Collected data
******************************

(* Let $(N,C,\mathbf{A},k)$ be an instance with $|N|=n$ having at least one cohesive group, and let $c_{\max}$ be its maximum JR degree. If $n>k^2(c_{\max}-1)$, then the committee output by GreedyAV has JR degree $c_{\max}$.
   Context: An instance consists of voters $N=\{1,\dots,n\}$, candidates $C$, approval ballots $A_i\subseteq C$ for $i\in N$, and a committee size $k$ with $1\le k\le|C|$. $N'\subseteq N$ is a cohesive group if $|N'|\ge n/k$ and $|\bigcap_{i\in N'}A_i|\ge1$. A size-$k$ committee $W\subseteq C$ achieves JR degree $c$ if every cohesive group contains at least $c$ voters $i$ with $|A_i\cap W|\ge1$; its JR degree is the largest such $c$, and the maximum JR degree of the instance is the maximum over all size-$k$ committees. GreedyAV: start with $W=\emptyset$ and remaining voters $R=N$; repeat $k$ times: choose a candidate $c\notin W$ approved by the maximum number of voters in $R$ (ties arbitrary), add $c$ to $W$, and remove from $R$ all voters approving $c$; output $W$. *)

theory Defs
  imports Complex_Main
begin

definition cohesive :: "nat set \<Rightarrow> (nat \<Rightarrow> 'c set) \<Rightarrow> nat \<Rightarrow> nat set \<Rightarrow> bool" where
  "cohesive N A k N' \<longleftrightarrow> N' \<subseteq> N \<and> real (card N') \<ge> real (card N) / real k
      \<and> card (\<Inter>i\<in>N'. A i) \<ge> 1"

definition achieves_jr_degree ::
  "nat set \<Rightarrow> (nat \<Rightarrow> 'c set) \<Rightarrow> nat \<Rightarrow> 'c set \<Rightarrow> nat \<Rightarrow> bool" where
  "achieves_jr_degree N A k W c \<longleftrightarrow>
     (\<forall>N'. cohesive N A k N' \<longrightarrow> card {i \<in> N'. card (A i \<inter> W) \<ge> 1} \<ge> c)"

definition jr_degree :: "nat set \<Rightarrow> (nat \<Rightarrow> 'c set) \<Rightarrow> nat \<Rightarrow> 'c set \<Rightarrow> nat" where
  "jr_degree N A k W = (GREATEST c. achieves_jr_degree N A k W c)"

definition max_jr_degree :: "nat set \<Rightarrow> 'c set \<Rightarrow> (nat \<Rightarrow> 'c set) \<Rightarrow> nat \<Rightarrow> nat" where
  "max_jr_degree N C A k = Max {jr_degree N A k W | W. W \<subseteq> C \<and> card W = k}"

******************************

_YOUR TASK_
Quote the records above exactly, from the first line through the line containing "nat \<Rightarrow> nat set", and nothing more.

_WRITTEN ANSWER_
(* Let $(N,C,\mathbf{A},k)$ be an instance with $|N|=n$ having at least one cohesive group, and let $c_{\max}$ be its maximum JR degree. If $n>k^2(c_{\max}-1)$, then the committee output by GreedyAV has JR degree $c_{\max}$.
   Context: An instance consists of voters $N=\{1,\dots,n\}$, candidates $C$, approval ballots $A_i\subseteq C$ for $i\in N$, and a committee size $k$ with $1\le k\le|C|$. $N'\subseteq N$ is a cohesive group if $|N'|\ge n/k$ and $|\bigcap_{i\in N'}A_i|\ge1$. A size-$k$ committee $W\subseteq C$ achieves JR degree $c$ if every cohesive group contains at least $c$ voters $i$ with $|A_i\cap W|\ge1$; its JR degree is the largest such $c$, and the maximum JR degree of the instance is the maximum over all size-$k$ committees. GreedyAV: start with $W=\emptyset$ and remaining voters $R=N$; repeat $k$ times: choose a candidate $c\notin W$ approved by the maximum number of voters in $R$ (ties arbitrary), add $c$ to $W$, and remove from $R$ all voters approving $c$; output $W$. *)

theory Defs
  imports Complex_Main
begin

definition cohesive :: "nat set \<Rightarrow> (nat \<Rightarrow> 'c set) \<Rightarrow> nat \<Rightarrow> nat set \<Rightarrow> bool" where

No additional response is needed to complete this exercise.